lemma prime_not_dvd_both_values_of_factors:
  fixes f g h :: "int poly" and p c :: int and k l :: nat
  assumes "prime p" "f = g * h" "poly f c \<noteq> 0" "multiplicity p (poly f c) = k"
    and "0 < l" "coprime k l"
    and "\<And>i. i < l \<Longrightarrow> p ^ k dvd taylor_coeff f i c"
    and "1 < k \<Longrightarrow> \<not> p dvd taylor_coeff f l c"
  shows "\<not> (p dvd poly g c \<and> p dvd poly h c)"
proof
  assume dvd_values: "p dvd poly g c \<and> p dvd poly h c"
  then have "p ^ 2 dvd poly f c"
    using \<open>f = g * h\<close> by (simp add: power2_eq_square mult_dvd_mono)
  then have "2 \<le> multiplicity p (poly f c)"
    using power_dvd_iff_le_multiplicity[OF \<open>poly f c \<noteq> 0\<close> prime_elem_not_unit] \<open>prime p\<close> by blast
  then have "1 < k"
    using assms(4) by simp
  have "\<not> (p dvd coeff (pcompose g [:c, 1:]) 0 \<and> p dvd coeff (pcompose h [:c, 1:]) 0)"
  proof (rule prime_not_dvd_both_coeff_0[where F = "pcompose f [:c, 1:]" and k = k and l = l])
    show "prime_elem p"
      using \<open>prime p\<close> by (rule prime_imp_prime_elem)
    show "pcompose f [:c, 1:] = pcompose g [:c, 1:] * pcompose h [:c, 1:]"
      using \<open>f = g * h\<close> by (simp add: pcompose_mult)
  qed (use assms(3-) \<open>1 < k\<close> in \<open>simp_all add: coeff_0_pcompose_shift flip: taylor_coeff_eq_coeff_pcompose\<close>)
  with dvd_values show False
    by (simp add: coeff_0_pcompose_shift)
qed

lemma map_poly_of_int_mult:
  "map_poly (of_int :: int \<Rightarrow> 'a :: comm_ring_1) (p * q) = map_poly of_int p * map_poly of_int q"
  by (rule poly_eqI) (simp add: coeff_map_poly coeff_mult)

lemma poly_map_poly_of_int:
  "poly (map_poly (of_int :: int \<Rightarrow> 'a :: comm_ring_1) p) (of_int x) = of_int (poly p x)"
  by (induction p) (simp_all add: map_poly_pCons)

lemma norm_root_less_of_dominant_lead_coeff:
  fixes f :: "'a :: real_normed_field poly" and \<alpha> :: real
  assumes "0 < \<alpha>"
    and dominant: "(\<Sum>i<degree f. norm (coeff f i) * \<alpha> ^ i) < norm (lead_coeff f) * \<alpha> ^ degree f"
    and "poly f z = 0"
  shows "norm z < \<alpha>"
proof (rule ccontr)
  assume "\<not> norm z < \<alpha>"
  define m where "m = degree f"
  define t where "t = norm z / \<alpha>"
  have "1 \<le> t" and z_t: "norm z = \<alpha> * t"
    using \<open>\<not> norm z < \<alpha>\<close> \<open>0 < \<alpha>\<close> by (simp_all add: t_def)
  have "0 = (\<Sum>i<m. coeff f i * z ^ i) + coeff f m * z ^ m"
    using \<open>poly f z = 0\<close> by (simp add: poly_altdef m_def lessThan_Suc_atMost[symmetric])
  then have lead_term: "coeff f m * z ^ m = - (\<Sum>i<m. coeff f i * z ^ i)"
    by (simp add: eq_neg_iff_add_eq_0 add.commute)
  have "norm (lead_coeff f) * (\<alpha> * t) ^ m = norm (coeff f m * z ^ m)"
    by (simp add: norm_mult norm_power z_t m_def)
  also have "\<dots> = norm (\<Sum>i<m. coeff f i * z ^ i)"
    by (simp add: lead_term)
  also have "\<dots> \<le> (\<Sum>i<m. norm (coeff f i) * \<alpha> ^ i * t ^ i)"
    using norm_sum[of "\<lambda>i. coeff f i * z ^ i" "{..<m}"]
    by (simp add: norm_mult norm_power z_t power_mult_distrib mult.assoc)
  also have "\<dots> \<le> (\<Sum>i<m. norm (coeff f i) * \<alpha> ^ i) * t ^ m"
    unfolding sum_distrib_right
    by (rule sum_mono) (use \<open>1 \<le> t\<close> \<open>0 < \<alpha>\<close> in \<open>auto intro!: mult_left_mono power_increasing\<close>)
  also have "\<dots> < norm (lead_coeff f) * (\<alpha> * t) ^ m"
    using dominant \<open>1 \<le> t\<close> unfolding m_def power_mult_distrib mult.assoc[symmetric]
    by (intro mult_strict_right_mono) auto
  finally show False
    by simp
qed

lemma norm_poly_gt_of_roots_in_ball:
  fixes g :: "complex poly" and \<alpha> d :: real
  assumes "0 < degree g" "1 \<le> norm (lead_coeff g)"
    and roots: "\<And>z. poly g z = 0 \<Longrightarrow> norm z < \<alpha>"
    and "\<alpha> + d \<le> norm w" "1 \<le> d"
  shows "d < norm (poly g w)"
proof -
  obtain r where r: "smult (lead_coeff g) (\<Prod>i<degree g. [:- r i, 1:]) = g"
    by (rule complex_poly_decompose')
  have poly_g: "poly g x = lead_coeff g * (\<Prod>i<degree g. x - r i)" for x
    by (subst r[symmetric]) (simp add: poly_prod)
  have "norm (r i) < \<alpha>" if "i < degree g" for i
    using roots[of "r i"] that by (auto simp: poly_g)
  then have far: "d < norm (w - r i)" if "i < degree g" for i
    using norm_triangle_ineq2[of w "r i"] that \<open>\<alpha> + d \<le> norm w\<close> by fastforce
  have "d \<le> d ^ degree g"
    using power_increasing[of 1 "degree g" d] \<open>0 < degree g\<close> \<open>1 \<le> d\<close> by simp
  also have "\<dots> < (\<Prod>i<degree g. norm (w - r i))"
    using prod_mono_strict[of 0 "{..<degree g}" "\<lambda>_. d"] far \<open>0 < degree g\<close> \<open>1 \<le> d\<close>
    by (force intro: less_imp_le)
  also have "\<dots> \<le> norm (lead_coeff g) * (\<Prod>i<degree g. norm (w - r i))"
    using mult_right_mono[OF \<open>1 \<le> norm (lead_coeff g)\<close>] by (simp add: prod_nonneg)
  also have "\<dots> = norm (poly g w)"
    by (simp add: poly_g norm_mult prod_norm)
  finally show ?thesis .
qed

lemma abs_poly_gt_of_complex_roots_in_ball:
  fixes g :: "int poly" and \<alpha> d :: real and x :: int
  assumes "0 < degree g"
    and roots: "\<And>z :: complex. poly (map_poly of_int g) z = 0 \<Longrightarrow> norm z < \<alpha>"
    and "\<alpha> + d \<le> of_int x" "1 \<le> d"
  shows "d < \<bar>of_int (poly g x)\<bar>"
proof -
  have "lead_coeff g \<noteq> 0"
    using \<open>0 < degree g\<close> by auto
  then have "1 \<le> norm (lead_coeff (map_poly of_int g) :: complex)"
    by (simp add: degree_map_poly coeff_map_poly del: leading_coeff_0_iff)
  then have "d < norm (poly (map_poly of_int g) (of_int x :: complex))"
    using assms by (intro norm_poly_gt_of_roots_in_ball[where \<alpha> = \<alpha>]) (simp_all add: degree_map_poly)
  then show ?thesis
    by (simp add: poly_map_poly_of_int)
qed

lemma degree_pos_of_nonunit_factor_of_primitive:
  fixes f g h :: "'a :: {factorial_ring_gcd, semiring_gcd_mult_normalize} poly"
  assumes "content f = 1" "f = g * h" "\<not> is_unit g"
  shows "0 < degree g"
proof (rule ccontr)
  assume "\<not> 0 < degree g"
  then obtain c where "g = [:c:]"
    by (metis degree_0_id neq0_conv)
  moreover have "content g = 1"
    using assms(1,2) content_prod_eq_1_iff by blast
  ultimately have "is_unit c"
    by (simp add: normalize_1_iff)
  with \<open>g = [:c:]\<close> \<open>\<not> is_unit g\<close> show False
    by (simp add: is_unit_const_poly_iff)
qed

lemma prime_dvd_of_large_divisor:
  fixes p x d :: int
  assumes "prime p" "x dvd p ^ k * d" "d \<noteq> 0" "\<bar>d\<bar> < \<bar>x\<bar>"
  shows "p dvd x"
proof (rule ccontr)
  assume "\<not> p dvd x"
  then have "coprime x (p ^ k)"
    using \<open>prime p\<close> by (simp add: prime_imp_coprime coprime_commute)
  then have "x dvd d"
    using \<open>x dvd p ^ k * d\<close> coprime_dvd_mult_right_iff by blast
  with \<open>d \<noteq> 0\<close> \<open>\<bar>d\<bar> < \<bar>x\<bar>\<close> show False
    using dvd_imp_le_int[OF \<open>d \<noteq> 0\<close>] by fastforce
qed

##########

# [Aim of the task]
Give an exact copy of the lines above from the line with "by (simp add: poly_g norm_mult prod_norm)" up to and including the line with "fixes p x d :: int", and leave everything else out.

# [Answer space]
    by (simp add: poly_g norm_mult prod_norm)
  finally show ?thesis .
qed

lemma abs_poly_gt_of_complex_roots_in_ball:
  fixes g :: "int poly" and \<alpha> d :: real and x :: int
  assumes "0 < degree g"
    and roots: "\<And>z :: complex. poly (map_poly of_int g) z = 0 \<Longrightarrow> norm z < \<alpha>"
    and "\<alpha> + d \<le> of_int x" "1 \<le> d"
  shows "d < \<bar>of_int (poly g x)\<bar>"
proof -
  have "lead_coeff g \<noteq> 0"
    using \<open>0 < degree g\<close> by auto
  then have "1 \<le> norm (lead_coeff (map_poly of_int g) :: complex)"
    by (simp add: degree_map_poly coeff_map_poly del: leading_coeff_0_iff)
  then have "d < norm (poly (map_poly of_int g) (of_int x :: complex))"
    using assms by (intro norm_poly_gt_of_roots_in_ball[where \<alpha> = \<alpha>]) (simp_all add: degree_map_poly)
  then show ?thesis
    by (simp add: poly_map_poly_of_int)
qed

lemma degree_pos_of_nonunit_factor_of_primitive:
  fixes f g h :: "'a :: {factorial_ring_gcd, semiring_gcd_mult_normalize} poly"
  assumes "content f = 1" "f = g * h" "\<not> is_unit g"
  shows "0 < degree g"
proof (rule ccontr)
  assume "\<not> 0 < degree g"
  then obtain c where "g = [:c:]"
    by (metis degree_0_id neq0_conv)
  moreover have "content g = 1"
    using assms(1,2) content_prod_eq_1_iff by blast
  ultimately have "is_unit c"
    by (simp add: normalize_1_iff)
  with \<open>g = [:c:]\<close> \<open>\<not> is_unit g\<close> show False
    by (simp add: is_unit_const_poly_iff)
qed

lemma prime_dvd_of_large_divisor:
  fixes p x d :: int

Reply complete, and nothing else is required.